Data supplied:
lemma power_max_min_le:
  fixes t :: real
  assumes "0 \<le> t" "t \<le> 1"
  shows "(t ^ 2) ^ max 1 (min (min a b) c) \<le> t * (t ^ a + t ^ b + t ^ c)"
proof -
  let ?k = "min (min a b) c"
  have "(t ^ 2) ^ max 1 ?k = t ^ (2 * max 1 ?k)" by (simp add: power_mult)
  also have "\<dots> \<le> t ^ (Suc ?k)" using assms by (intro power_decreasing) auto
  also have "\<dots> = t * t ^ ?k" by simp
  also have "t ^ ?k \<le> t ^ a + t ^ b + t ^ c"
  proof -
    have "?k = a \<or> ?k = b \<or> ?k = c" by linarith
    then show ?thesis using assms by (auto simp: add_nonneg_nonneg)
  qed
  then have "t * t ^ ?k \<le> t * (t ^ a + t ^ b + t ^ c)" using assms by (intro mult_left_mono) auto
  finally show ?thesis .
qed

lemma sum_box_power_sup_dist_le:
  fixes t :: real
  assumes t: "0 \<le> t" "t \<le> 1/4"
  shows "(\<Sum>v\<in>box n m. t ^ sup_dist x v) \<le> 16"
proof -
  define u where "u = sqrt t"
  have u0: "0 \<le> u" using t(1) by (simp add: u_def)
  have u2: "u ^ 2 = t" using t(1) by (simp add: u_def)
  have "u ^ 2 \<le> (1/2) ^ 2" using u2 t by (simp add: power2_eq_square)
  then have "u \<le> 1/2" by (rule power2_le_imp_le) simp
  note u = u0 this u2
  have pt: "t ^ sup_dist x v \<le> u ^ nat \<bar>fst v - fst x\<bar> * u ^ nat \<bar>snd v - snd x\<bar>" for v
  proof -
    have "t ^ sup_dist x v = u ^ (2 * sup_dist x v)" using u by (simp add: power_mult)
    also have "\<dots> \<le> u ^ (nat \<bar>fst v - fst x\<bar> + nat \<bar>snd v - snd x\<bar>)"
      using u by (intro power_decreasing) (auto simp: sup_dist_def)
    also have "\<dots> = u ^ nat \<bar>fst v - fst x\<bar> * u ^ nat \<bar>snd v - snd x\<bar>" by (simp add: power_add)
    finally show ?thesis .
  qed
  have "(\<Sum>v\<in>box n m. t ^ sup_dist x v) \<le> (\<Sum>v\<in>box n m. u ^ nat \<bar>fst v - fst x\<bar> * u ^ nat \<bar>snd v - snd x\<bar>)"
    using pt by (rule sum_mono)
  also have "\<dots> = (\<Sum>a\<in>{- int n..int n}. \<Sum>b\<in>{- int m..int m}. u ^ nat \<bar>a - fst x\<bar> * u ^ nat \<bar>b - snd x\<bar>)"
    by (simp add: box_eq_Times sum.cartesian_product split_beta)
  also have "\<dots> = (\<Sum>a\<in>{- int n..int n}. u ^ nat \<bar>a - fst x\<bar>) * (\<Sum>b\<in>{- int m..int m}. u ^ nat \<bar>b - snd x\<bar>)"
    by (simp add: sum_product)
  also have "\<dots> \<le> 4 * 4"
    using sum_power_abs_diff_le[OF u(1,2)] u(1) by (intro mult_mono) (auto intro!: sum_nonneg)
  finally show ?thesis by simp
qed

lemma power_le_inverse_square:
  fixes t lam x :: real
  assumes t: "0 < t" "t \<le> exp (- 2 / lam)" and lam: "0 < lam" and x: "1 \<le> x" "lam * ln x \<le> real m"
  shows "t ^ m \<le> 1 / x ^ 2"
proof -
  have "t ^ m \<le> exp (- 2 / lam) ^ m" using t by (intro power_mono) auto
  also have "\<dots> = exp (- 2 * (real m / lam))" by (simp flip: exp_of_nat_mult)
  also have "\<dots> \<le> exp (- 2 * ln x)"
    using x lam by (simp add: field_simps mult.commute)
  also have "\<dots> = 1 / x ^ 2"
  proof -
    have "2 * ln x = ln (x ^ 2)" using x by (simp add: ln_realpow)
    then have "exp (2 * ln x) = x ^ 2" using x by simp
    then show ?thesis by (simp add: exp_minus inverse_eq_divide)
  qed
  finally show ?thesis .
qed

lemma card_box_power_le:
  fixes t lam :: real
  assumes t: "0 < t" "t \<le> exp (- 2 / lam)" "t \<le> 1" and lam: "0 < lam"
    and nm: "lam * ln (real n) \<le> real m" "m \<le> n"
  shows "real (card (box n m)) * t ^ m \<le> 9"
proof (cases "n = 0")
  case True
  then show ?thesis using nm by (simp add: card_box)
next
  case False
  then have n1: "1 \<le> real n" by simp
  have "real (card (box n m)) = (2 * real n + 1) * (2 * real m + 1)"
    by (simp add: card_box algebra_simps)
  also have "\<dots> \<le> (3 * real n) * (3 * real n)"
    using n1 nm by (intro mult_mono) auto
  also have "\<dots> = 9 * real n ^ 2" by (simp add: power2_eq_square)
  finally have "real (card (box n m)) * t ^ m \<le> 9 * real n ^ 2 * (1 / real n ^ 2)"
    using power_le_inverse_square[OF t(1,2) lam n1 nm(1)] t by (intro mult_mono) auto
  also have "\<dots> = 9" using n1 by simp
  finally show ?thesis .
qed

section \<open>The Peierls bound\<close>

definition min_certificate_length :: "int \<times> int \<Rightarrow> int \<times> int \<Rightarrow> nat \<Rightarrow> int \<times> int \<Rightarrow> nat" where
  "min_certificate_length x y m z = max 1 (min (min (sup_dist x z) (sup_dist y z)) m)"

lemma certificate_length_ge:
  assumes "certificate n m x y w"
  shows "min_certificate_length x y m (fst (hd w)) \<le> length w"
  using assms by (cases w) (auto simp: certificate_def min_certificate_length_def)

lemma certificate_length_le:
  assumes "certificate n m x y w"
  shows "length w \<le> 2 * card (box_edge_codes n m)"
proof -
  have "card (set w) \<le> card (box_edge_codes n m)"
    using assms finite_box_edge_codes by (intro card_mono) (auto simp: certificate_def)
  then show ?thesis using assms by (simp add: certificate_def)
qed

lemma finite_Collect_certificate: "finite {w. certificate n m x y w}"
proof (rule finite_subset)
  show "{w. certificate n m x y w}
      \<subseteq> {w. set w \<subseteq> box_edge_codes n m \<and> length w \<le> 2 * card (box_edge_codes n m)}"
  proof
    fix w assume "w \<in> {w. certificate n m x y w}"
    then have w: "certificate n m x y w" by simp
    then have "set w \<subseteq> box_edge_codes n m" by (simp add: certificate_def)
    with certificate_length_le[OF w]
    show "w \<in> {w. set w \<subseteq> box_edge_codes n m \<and> length w \<le> 2 * card (box_edge_codes n m)}"
      by simp
  qed
qed (rule finite_lists_length_le[OF finite_box_edge_codes])

lemma disconnection_prob_le_certificate_sum:
  fixes p r :: real
  assumes xy: "x \<in> box n m" "y \<in> box n m" "m \<le> n"
    and p: "0 \<le> p" "p \<le> 1" "1 - p \<le> r ^ 2" and r: "0 \<le> r" "r \<le> 1"
  shows "perc_prob p (box_edges n m) (\<lambda>S. \<not> joined S x y) \<le> (\<Sum>w | certificate n m x y w. r ^ length w)"
proof -
  let ?E = "box_edges n m"
  have "perc_prob p ?E (\<lambda>S. \<not> joined S x y)
      \<le> (\<Sum>w | certificate n m x y w. perc_prob p ?E (\<lambda>S. S \<inter> edge_set ` set w = {}))"
  proof (rule perc_prob_union_bound[OF finite_box_edges finite_Collect_certificate p(1,2)])
    fix S assume "\<not> joined S x y"
    with xy obtain w where "certificate n m x y w" "\<forall>e\<in>set w. edge_set e \<notin> S"
      by (rule closed_certificate_exists)
    then show "\<exists>w\<in>{w. certificate n m x y w}. S \<inter> edge_set ` set w = {}" by blast
  qed
  also have "\<dots> \<le> (\<Sum>w | certificate n m x y w. r ^ length w)"
  proof (rule sum_mono)
    fix w assume "w \<in> {w. certificate n m x y w}"
    then have w: "set w \<subseteq> box_edge_codes n m" "length w \<le> 2 * card (set w)"
      by (auto simp: certificate_def)
    have "edge_set ` set w \<subseteq> ?E" unfolding box_edges_eq_image using w(1) by (rule image_mono)
    then have "perc_prob p ?E (\<lambda>S. S \<inter> edge_set ` set w = {}) = (1 - p) ^ card (edge_set ` set w)"
      using finite_box_edges by (rule perc_prob_avoid[rotated])
    also have "\<dots> = (1 - p) ^ card (set w)"
      using inj_on_subset[OF inj_edge_set subset_UNIV] by (simp add: card_image)
    also have "\<dots> \<le> r ^ length w"
      using p r w(2) by (intro power_le_power_of_le_square) auto
    finally show "perc_prob p ?E (\<lambda>S. S \<inter> edge_set ` set w = {}) \<le> r ^ length w" .
  qed
  finally show ?thesis .
qed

Task brief: Retype every line of the listing, word for word, from its opening line to the line that holds "nat \<bar>a - fst x\<bar> *", and include that last line too.

Your solution:
lemma power_max_min_le:
  fixes t :: real
  assumes "0 \<le> t" "t \<le> 1"
  shows "(t ^ 2) ^ max 1 (min (min a b) c) \<le> t * (t ^ a + t ^ b + t ^ c)"
proof -
  let ?k = "min (min a b) c"
  have "(t ^ 2) ^ max 1 ?k = t ^ (2 * max 1 ?k)" by (simp add: power_mult)
  also have "\<dots> \<le> t ^ (Suc ?k)" using assms by (intro power_decreasing) auto
  also have "\<dots> = t * t ^ ?k" by simp
  also have "t ^ ?k \<le> t ^ a + t ^ b + t ^ c"
  proof -
    have "?k = a \<or> ?k = b \<or> ?k = c" by linarith
    then show ?thesis using assms by (auto simp: add_nonneg_nonneg)
  qed
  then have "t * t ^ ?k \<le> t * (t ^ a + t ^ b + t ^ c)" using assms by (intro mult_left_mono) auto
  finally show ?thesis .
qed

lemma sum_box_power_sup_dist_le:
  fixes t :: real
  assumes t: "0 \<le> t" "t \<le> 1/4"
  shows "(\<Sum>v\<in>box n m. t ^ sup_dist x v) \<le> 16"
proof -
  define u where "u = sqrt t"
  have u0: "0 \<le> u" using t(1) by (simp add: u_def)
  have u2: "u ^ 2 = t" using t(1) by (simp add: u_def)
  have "u ^ 2 \<le> (1/2) ^ 2" using u2 t by (simp add: power2_eq_square)
  then have "u \<le> 1/2" by (rule power2_le_imp_le) simp
  note u = u0 this u2
  have pt: "t ^ sup_dist x v \<le> u ^ nat \<bar>fst v - fst x\<bar> * u ^ nat \<bar>snd v - snd x\<bar>" for v
  proof -
    have "t ^ sup_dist x v = u ^ (2 * sup_dist x v)" using u by (simp add: power_mult)
    also have "\<dots> \<le> u ^ (nat \<bar>fst v - fst x\<bar> + nat \<bar>snd v - snd x\<bar>)"
      using u by (intro power_decreasing) (auto simp: sup_dist_def)
    also have "\<dots> = u ^ nat \<bar>fst v - fst x\<bar> * u ^ nat \<bar>snd v - snd x\<bar>" by (simp add: power_add)
    finally show ?thesis .
  qed
  have "(\<Sum>v\<in>box n m. t ^ sup_dist x v) \<le> (\<Sum>v\<in>box n m. u ^ nat \<bar>fst v - fst x\<bar> * u ^ nat \<bar>snd v - snd x\<bar>)"
    using pt by (rule sum_mono)
  also have "\<dots> = (\<Sum>a\<in>{- int n..int n}. \<Sum>b\<in>{- int m..int m}. u ^ nat \<bar>a - fst x\<bar> * u ^ nat \<bar>b - snd x\<bar>)"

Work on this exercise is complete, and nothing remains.